# Hello...



## Scott Cairns (Aug 5, 2006)

Welcome Michael. Feel free to post some demos of your work here.


----------



## Elfen (Aug 5, 2006)

Welcome Michael. Enjoy your stay


----------



## michaelv (Aug 5, 2006)

Thanks, guys: great forum! How would I go about posting, Scott?


----------



## Scott Cairns (Aug 5, 2006)

Hi Michael, you can post links to your music here or in the Member's Composition Review section if you like.

Cheers,

Scott.


----------



## michaelv (Aug 5, 2006)

Sorry, Scott, I didn't make myself clear. I can't figure out how to link to individual tracks on my site. If I press a "play" button next to a track on my site,it opens another window, which loads up the music and plays.
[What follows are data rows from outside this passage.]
lemma band_succ_low:
  assumes "0 < k" "r < aa k" "layer_mem (aa k) q r" "q \<le> tt k"
  shows "\<exists>r'. Hnext k (q * aa k + r) = q * aa k + r' \<and> band_succ k q r r'"
proof -
  have mem: "layer_mem (aa k) q s \<longleftrightarrow> even s \<and> s \<le> 4 * q" if "s < aa k" for s
    using layer_mem_low[OF assms(4) that] .
  have r: "even r" "r \<le> 4 * q"
    using mem[OF assms(2)] assms(3) by auto
  have t: "4 * tt k \<le> 6 * k"
    using tt_eps[of k] by linarith
  show ?thesis
  proof (cases "r < 4 * q")
    case True
    have r2: "r + 2 \<le> 4 * q"
      using True r(1) by presburger
    then have lt: "r + 2 < aa k"
      using assms(4) t by (simp add: aa_def)
    have "\<not> layer_mem (aa k) q (r + 1)"
      using mem lt r(1) by simp
    moreover have "layer_mem (aa k) q (r + 2)"
      using mem[OF lt] r r2 by simp
    moreover have "Hindex_at k q (r + 2) = Hindex_at k q r + 1"
      using Hindex_at_low[OF assms(4)] r(1) by auto
    ultimately have "band_succ k q r (r + 2)"
      unfolding band_succ_def using lt by (auto simp: less_Suc_eq numeral_2_eq_2)
    then show ?thesis
      using Hnext_low[OF assms(4,2)] True by (intro exI[of _ "r + 2"]) simp
  next
    case False
    then have r4: "r = 4 * q"
      using r(2) by linarith
    have next_band: "layer_mem (aa k) (q + 1) 0 \<and> Hindex_at k (q + 1) 0 = Hindex_at k q r + 1"
    proof (cases "q + 1 \<le> tt k")
      case True
      then show ?thesis
        using mem Hindex_at_low[OF True] Hindex_at_low[OF assms(4)] r4 layer_mem_low[OF True aa_pos]
        by (simp add: algebra_simps)
    next
      case False
      then have q: "q = tt k"
        using assms(4) by linarith
      have "layer_mem (aa k) (q + 1) 0"
        using layer_mem_mid[of k "q + 1" 0] q tt_eps[of k] tt_pos[OF assms(1)] aa_pos[of k] by simp
      moreover have "Hindex_at k (q + 1) 0 = mid_base k 0"
        using Hindex_at_mid[of k "q + 1" 0 0] q tt_eps[of k] tt_pos[OF assms(1)] eps_le_1[of k]
        by (auto simp: Btop_def eps_def split: if_splits)
      moreover have "mid_base k 0 = Hindex_at k q r + 1"
        using Hindex_at_low[OF assms(4)] q r4 by (simp add: mid_base_def power2_eq_square algebra_simps)
      ultimately show ?thesis
        by simp
    qed
    have "band_succ k q r (aa k)"
      unfolding band_succ_def using assms(2) mem r4 next_band by auto
    then show ?thesis
      using Hnext_low[OF assms(4,2)] False by (intro exI[of _ "aa k"]) (simp add: algebra_simps)
  qed
qed

lemma next_band_start_mid:
  assumes "tt k < q" "q \<le> 3 * k"
  shows "layer_mem (aa k) (q + 1) 0 \<and> Hindex_at k (q + 1) 0 = mid_base k (q - tt k)"
proof (cases "q + 1 \<le> 3 * k")
  case True
  have "int (eps k) \<le> 1" "1 \<le> int (q - tt k)"
    using eps_le_1[of k] assms(1) by simp_all
  then have "0 \<le> Btop k (q - tt k)"
    unfolding Btop_def by linarith
  then show ?thesis
    using Hindex_at_mid[of k "q + 1" "q - tt k" 0] layer_mem_mid[of k "q + 1" 0] True assms(1) aa_pos[of k]
    by simp
next
  case False
  then have "q = 3 * k" "tt k + eps k = q - tt k"
    using assms tt_eps[of k] by linarith+
  then show ?thesis
    using Hindex_at_high[of k "q + 1" 0] layer_mem_high[of k "q + 1" 0] aa_pos[of k] by simp
qed

lemma band_succ_mid:
  assumes "r < aa k" "layer_mem (aa k) q r" "tt k < q" "q \<le> 3 * k"
  shows "\<exists>r'. Hnext k (q * aa k + r) = q * aa k + r' \<and> band_succ k q r r'"
proof -
  define j h where "j = q - tt k - 1" "h = Btop k j"
  have q: "q = tt k + 1 + j"
    using assms(3) j_h_def by simp
  have h: "h = 4 * int j - 2 * int (eps k)" "even h"
    by (simp_all add: j_h_def Btop_def)
  have hb: "h \<le> 6 * int k - 4" "-2 \<le> h"
    using h(1) q assms(4) tt_eps_int[of k] eps_le_1[of k] by linarith+
  have mem: "layer_mem (aa k) q s \<longleftrightarrow> even s \<or> int s \<le> h" if "s < aa k" for s
    using layer_mem_mid[OF assms(3,4) that] by (simp add: j_h_def)
  have idx: "Hindex_at k q s = (if int s \<le> h then mid_base k j + int s
      else mid_base k j + max (h + 1) 0 + (int s - h) div 2 - 1)" for s
    using Hindex_at_mid[OF assms(3,4)] by (simp add: j_h_def)
  have nx: "Hnext k (q * aa k + r) = (if h \<le> int r \<and> r < 6 * k then q * aa k + r + 2 else q * aa k + r + 1)"
    using Hnext_mid[OF assms(3,4,1)] by (simp add: j_h_def)
  have r: "even r \<or> int r \<le> h"
    using mem[OF assms(1)] assms(2) by simp
  have a: "aa k = 6 * k + 1"
    by (simp add: aa_def)
  consider (B) "int r < h" | (C) "h \<le> int r" "r < 6 * k" | (last) "r = 6 * k"
    using assms(1) a by linarith
  then show ?thesis
  proof cases
    case B
    have lt: "r + 1 < aa k"
      using B hb a by linarith
    have "band_succ k q r (r + 1)"
      unfolding band_succ_def using lt B mem[OF lt] idx[of r] idx[of "r + 1"] by auto
    then show ?thesis
      using nx B by (intro exI[of _ "r + 1"]) simp
  next
    case C
    have even_r: "even r"
      using r C h(2) by presburger
    have lt: "r + 2 < aa k"
      using C even_r a by presburger
    have gap: "\<forall>s. r < s \<and> s < r + 2 \<longrightarrow> \<not> layer_mem (aa k) q s"
    proof (intro allI impI)
      fix s
      assume "r < s \<and> s < r + 2"
      then have "s = r + 1"
        by linarith
      then show "\<not> layer_mem (aa k) q s"
        using mem[of "r + 1"] lt C even_r by auto
    qed
    have "layer_mem (aa k) q (r + 2)"
      using mem[OF lt] even_r by simp
    moreover have "Hindex_at k q (r + 2) = Hindex_at k q r + 1"
    proof (cases "int r \<le> h")
      case True
      then have "int r = h"
        using C by linarith
      then show ?thesis
        unfolding idx using hb by simp
    next
      case False
      then show ?thesis
        unfolding idx by simp
    qed
    ultimately have "band_succ k q r (r + 2)"
      unfolding band_succ_def using lt gap by simp
    then show ?thesis
      using nx C by (intro exI[of _ "r + 2"]) simp
  next
    case last
    have step: "mid_base k (j + 1) = Hindex_at k q r + 1"
    proof -
      have "Hindex_at k q r = mid_base k j + max (h + 1) 0 + (6 * int k - h) div 2 - 1"
        unfolding idx using last hb by simp
      moreover have "2 * int j + 3 * int k + 1 - int (eps k) + (if j = 0 then int (eps k) else 0)
          = max (h + 1) 0 + (6 * int k - h) div 2"
        using h(1) eps_le_1[of k] by (auto simp: max_def eps_def)
      ultimately show ?thesis
        using mid_base_Suc[of k j] by simp
    qed
    have next_band: "layer_mem (aa k) (q + 1) 0 \<and> Hindex_at k (q + 1) 0 = Hindex_at k q r + 1"
      using next_band_start_mid[OF assms(3,4)] step q by simp
    have "band_succ k q r (aa k)"
      unfolding band_succ_def using assms(1) last a next_band by auto
    then show ?thesis
      using nx last a by (intro exI[of _ "aa k"]) simp
  qed
qed

lemma band_succ_high:
  assumes "r < aa k" "3 * k < q"
  shows "\<exists>r'. Hnext k (q * aa k + r) = q * aa k + r' \<and> band_succ k q r r'"
proof -
  have "layer_mem (aa k) q (r + 1)" if "r + 1 < aa k"
    using layer_mem_high[OF assms(2) that] .
  moreover have "layer_mem (aa k) (q + 1) 0"
    using layer_mem_high[of k "q + 1" 0] assms(2) aa_pos[of k] by simp
  moreover have "Hindex_at k q (r + 1) = Hindex_at k q r + 1"
    using Hindex_at_high[OF assms(2)] by simp
  moreover have "Hindex_at k (q + 1) 0 = Hindex_at k q r + 1" if "r + 1 = aa k"
    using Hindex_at_high[OF assms(2), of r] Hindex_at_high[of k "q + 1" 0] assms(2) that
    by (simp add: algebra_simps)
  ultimately have "band_succ k q r (r + 1)"
    unfolding band_succ_def using assms(1) by auto
  then show ?thesis
    using Hnext_high[OF assms(2,1)] by (intro exI[of _ "r + 1"]) simp
qed

lemma band_succ_exists:
  "0 < k \<Longrightarrow> r < aa k \<Longrightarrow> layer_mem (aa k) q r \<Longrightarrow>
    \<exists>r'. Hnext k (q * aa k + r) = q * aa k + r' \<and> band_succ k q r r'"
proof -
  assume "0 < k" "r < aa k" "layer_mem (aa k) q r"
  consider "q \<le> tt k" | "tt k < q" "q \<le> 3 * k" | "3 * k < q"
    by linarith
  then show ?thesis
    by cases (use band_succ_low[OF \<open>0 < k\<close>] band_succ_mid band_succ_high \<open>r < aa k\<close> \<open>layer_mem (aa k) q r\<close> in blast)+
qed

lemma div_mod_between:
  fixes a q r r' x :: nat
  assumes "q * a + r < x" "x < q * a + r'" "r' \<le> a"
  shows "x div a = q \<and> r < x mod a \<and> x mod a < r'"
proof -
  have "a * q \<le> x" "x < a * Suc q"
    using assms by (simp_all add: algebra_simps)
  then have d: "x div a = q"
    by (rule div_nat_eqI)
  then have "x mod a = x - q * a"
    by (metis minus_div_mult_eq_mod)
  then show ?thesis
    using d assms by arith
qed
However, the url of that new window is the same as my homepage, so if I linked that track here, people would be taken to my homepage and not the music.
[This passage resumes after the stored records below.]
lemma card_fixed_points:
  fixes c :: "'a :: {field,finite}"
  assumes add: "\<And>x y :: 'a. (x + y) ^ q = x ^ q + y ^ q" and card: "CARD('a) = q ^ 2"
    and "1 < q" and c: "c \<in> Fq q" "c \<noteq> 0"
  shows "card {x. x * (x ^ (q - 1) - c) ^ (q + 1) = x} = Suc (card (norm_one_roots q c) * (q - 1))"
proof -
  define fiber where "fiber u = {x :: 'a. x ^ (q - 1) = u}" for u
  have "0 \<notin> norm_one_roots q c"
    by (simp add: norm_one_roots_def)
  then have fixed_points: "{x. x * (x ^ (q - 1) - c) ^ (q + 1) = x} =
      insert 0 (\<Union>u\<in>norm_one_roots q c. fiber u)" and "0 \<notin> (\<Union>u\<in>norm_one_roots q c. fiber u)"
    using fixed_point_iff_mem_norm_one_roots[OF add card c] \<open>1 < q\<close>
    by (auto simp: fiber_def zero_power)
  have "card (fiber u) = q - 1" if "u \<in> norm_one_roots q c" for u
    unfolding fiber_def using that card \<open>1 < q\<close>
    by (intro card_power_eq_if_power_eq_1[of _ "q + 1"])
       (auto simp: norm_one_roots_def power2_eq_square algebra_simps)
  moreover have "card (\<Union>u\<in>norm_one_roots q c. fiber u) = (\<Sum>u\<in>norm_one_roots q c. card (fiber u))"
    by (rule card_UN_disjoint) (auto simp: fiber_def)
  ultimately show ?thesis
    unfolding fixed_points using \<open>0 \<notin> (\<Union>u\<in>norm_one_roots q c. fiber u)\<close> by simp
qed

lemma quadratic_eq_0_iff:
  fixes c y u :: "'a :: field"
  assumes two: "(2 :: 'a) \<noteq> 0" and y: "y ^ 2 = c ^ 2 - 4"
  shows "u ^ 2 - c * u + 1 = 0 \<longleftrightarrow> u = (c + y) / 2 \<or> u = (c - y) / 2"
proof -
  have "(4 :: 'a) \<noteq> 0"
    using two mult_eq_0_iff[of "2 :: 'a" 2] by simp
  then have "u ^ 2 - c * u + 1 = 0 \<longleftrightarrow> 4 * (u ^ 2 - c * u + 1) = 0"
    by (simp only: mult_eq_0_iff simp_thms)
  also have "4 * (u ^ 2 - c * u + 1) = (2 * u - c) ^ 2 - y ^ 2"
    using y by (simp add: algebra_simps power2_eq_square)
  also have "\<dots> = 0 \<longleftrightarrow> 2 * u - c = y \<or> 2 * u - c = - y"
    by (simp add: power2_eq_iff)
  also have "\<dots> \<longleftrightarrow> u = (c + y) / 2 \<or> u = (c - y) / 2"
    using two by (auto simp: field_simps)
  finally show ?thesis .
qed

lemma power_half_add_if_power_add:
  fixes c s :: "'a :: field"
  assumes add: "\<And>x y :: 'a. (x + y) ^ q = x ^ q + y ^ q" and "c \<in> Fq q"
  shows "((c + s) / 2) ^ q = (c + s ^ q) / 2"
proof -
  have "(2 :: 'a) ^ q = 2"
    using add[of 1 1] by simp
  then show ?thesis
    using \<open>c \<in> Fq q\<close> by (simp add: Fq_def power_divide add)
qed

lemma norm_one_roots_eq_singleton:
  fixes c :: "'a :: field"
  assumes two: "(2 :: 'a) \<noteq> 0" and "odd q" and c: "c ^ 2 = 4"
  shows "norm_one_roots q c = {c / 2}"
proof -
  have "(4 :: 'a) \<noteq> 0"
    using two mult_eq_0_iff[of "2 :: 'a" 2] by simp
  then have "(c / 2) ^ 2 = 1"
    using c by (simp add: power_divide)
  moreover obtain r where "q + 1 = 2 * r"
    using \<open>odd q\<close> by (metis odd_even_add odd_one evenE)
  ultimately have "(c / 2) ^ (q + 1) = 1"
    by (simp add: power_mult)
  moreover have "u ^ 2 - c * u + 1 = 0 \<longleftrightarrow> u = c / 2" for u
    using quadratic_eq_0_iff[OF two, of 0 c u] c by simp
  ultimately show ?thesis
    unfolding norm_one_roots_def by blast
qed

lemma norm_one_roots_eq_empty:
  fixes c y :: "'a :: field"
  assumes add: "\<And>x y :: 'a. (x + y) ^ q = x ^ q + y ^ q" and "odd q" and two: "(2 :: 'a) \<noteq> 0"
    and c: "c \<in> Fq q" "c ^ 2 \<noteq> 4" and y: "y \<in> Fq q" "y ^ 2 = c ^ 2 - 4"
  shows "norm_one_roots q c = {}"
proof (rule ccontr)
  assume "norm_one_roots q c \<noteq> {}"
  then obtain u where u: "u ^ (q + 1) = 1" "u ^ 2 - c * u + 1 = 0"
    by (auto simp: norm_one_roots_def)
  have "u = (c + y) / 2 \<or> u = (c + - y) / 2"
    using quadratic_eq_0_iff[OF two y(2), of u] u(2) by simp
  moreover have "(- y) ^ q = - y"
    using y(1) \<open>odd q\<close> by (simp add: Fq_def)
  ultimately have "u ^ q = u"
    using power_half_add_if_power_add[OF add c(1)] y(1) by (auto simp only: Fq_def mem_Collect_eq)
  then have "u * u = 1"
    using u(1) by (simp flip: power_Suc2)
  then have "c * u = 2"
    using u(2) by (simp add: power2_eq_square algebra_simps)
  have "c ^ 2 = (c * u) ^ 2"
    using \<open>u * u = 1\<close> by (simp add: power2_eq_square algebra_simps)
  with \<open>c * u = 2\<close> c(2) show False
    by simp
qed

lemma card_norm_one_roots_eq_2:
  fixes c y :: "'a :: field"
  assumes add: "\<And>x y :: 'a. (x + y) ^ q = x ^ q + y ^ q" and "odd q" and two: "(2 :: 'a) \<noteq> 0"
    and c: "c \<in> Fq q" and y: "y ^ 2 = c ^ 2 - 4" "y ^ q = - y" "y \<noteq> 0"
  shows "card (norm_one_roots q c) = 2"
proof -
  have "(4 :: 'a) \<noteq> 0"
    using two mult_eq_0_iff[of "2 :: 'a" 2] by simp
  have norm: "((c + s) / 2) ^ (q + 1) = 1" if "s ^ q = - s" "s ^ 2 = y ^ 2" for s
  proof -
    have "((c + s) / 2) ^ (q + 1) = (c + - s) / 2 * ((c + s) / 2)"
      using power_half_add_if_power_add[OF add c, of s] that(1) by (simp only: power_add power_one_right)
    also have "\<dots> = (c ^ 2 - s ^ 2) / 4"
      by (simp add: field_simps power2_eq_square)
    finally show ?thesis
      using that(2) y(1) \<open>4 \<noteq> 0\<close> by simp
  qed
  have "((c - y) / 2) ^ (q + 1) = 1"
    using norm[of "- y"] y(2) \<open>odd q\<close> by simp
  then have "norm_one_roots q c = {(c + y) / 2, (c - y) / 2}"
    using quadratic_eq_0_iff[OF two y(1)] norm[of y] y(2)
    unfolding norm_one_roots_def by blast
  moreover have "(c + y) / 2 \<noteq> (c - y) / 2"
    using two y(3) \<open>4 \<noteq> 0\<close> by (simp add: field_simps)
  ultimately show ?thesis
    by simp
qed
Does that make sense? How would I link to the tracks individually? As you can gather, this ain't my area of expertise: incredible, then, that I put my own site together!


Thanks.


----------



## Frederick Russ (Aug 5, 2006)

Your mp3s are on a page where frames are being used. On a Mac use ctrl-click on a background part of the demos page (on PC I believe its right-click) and choose "Show only this frame". Afterwards you can click onto your mp3s and see the actual url. Hope this helps.

By the way, welcome to VI!


----------



## michaelv (Aug 5, 2006)

Thanks, Frederick! I know what you're talking about. Should've thought of that- what an idiot. :roll: 

Perhaps I'll post something, then...

Appreciate the help.


----------



## Sid_Barnhoorn (Aug 6, 2006)

Hi Michael,

Welcome to V.I.!

Cheers,


----------



## Christian Marcussen (Aug 6, 2006)

Hi Michael... heard your stuff. It's good.


----------



## PaulR (Aug 6, 2006)

Cows, cows and more cows. That's all there is. Milking cows, mainly Fresian these days. Hills and even more hills. Bad drivers, people on horseback and cows. Seascapes and landscapes. Farmers and cows.
What a county we in! 

How are you Mike and a pleasure to see you here - and looking forward to seeing and hearing your next TV project.


:mrgreen:


----------



## Waywyn (Aug 6, 2006)

Heyho and welcome to VI!!

*the best discussion forum on earth jingle plays*


----------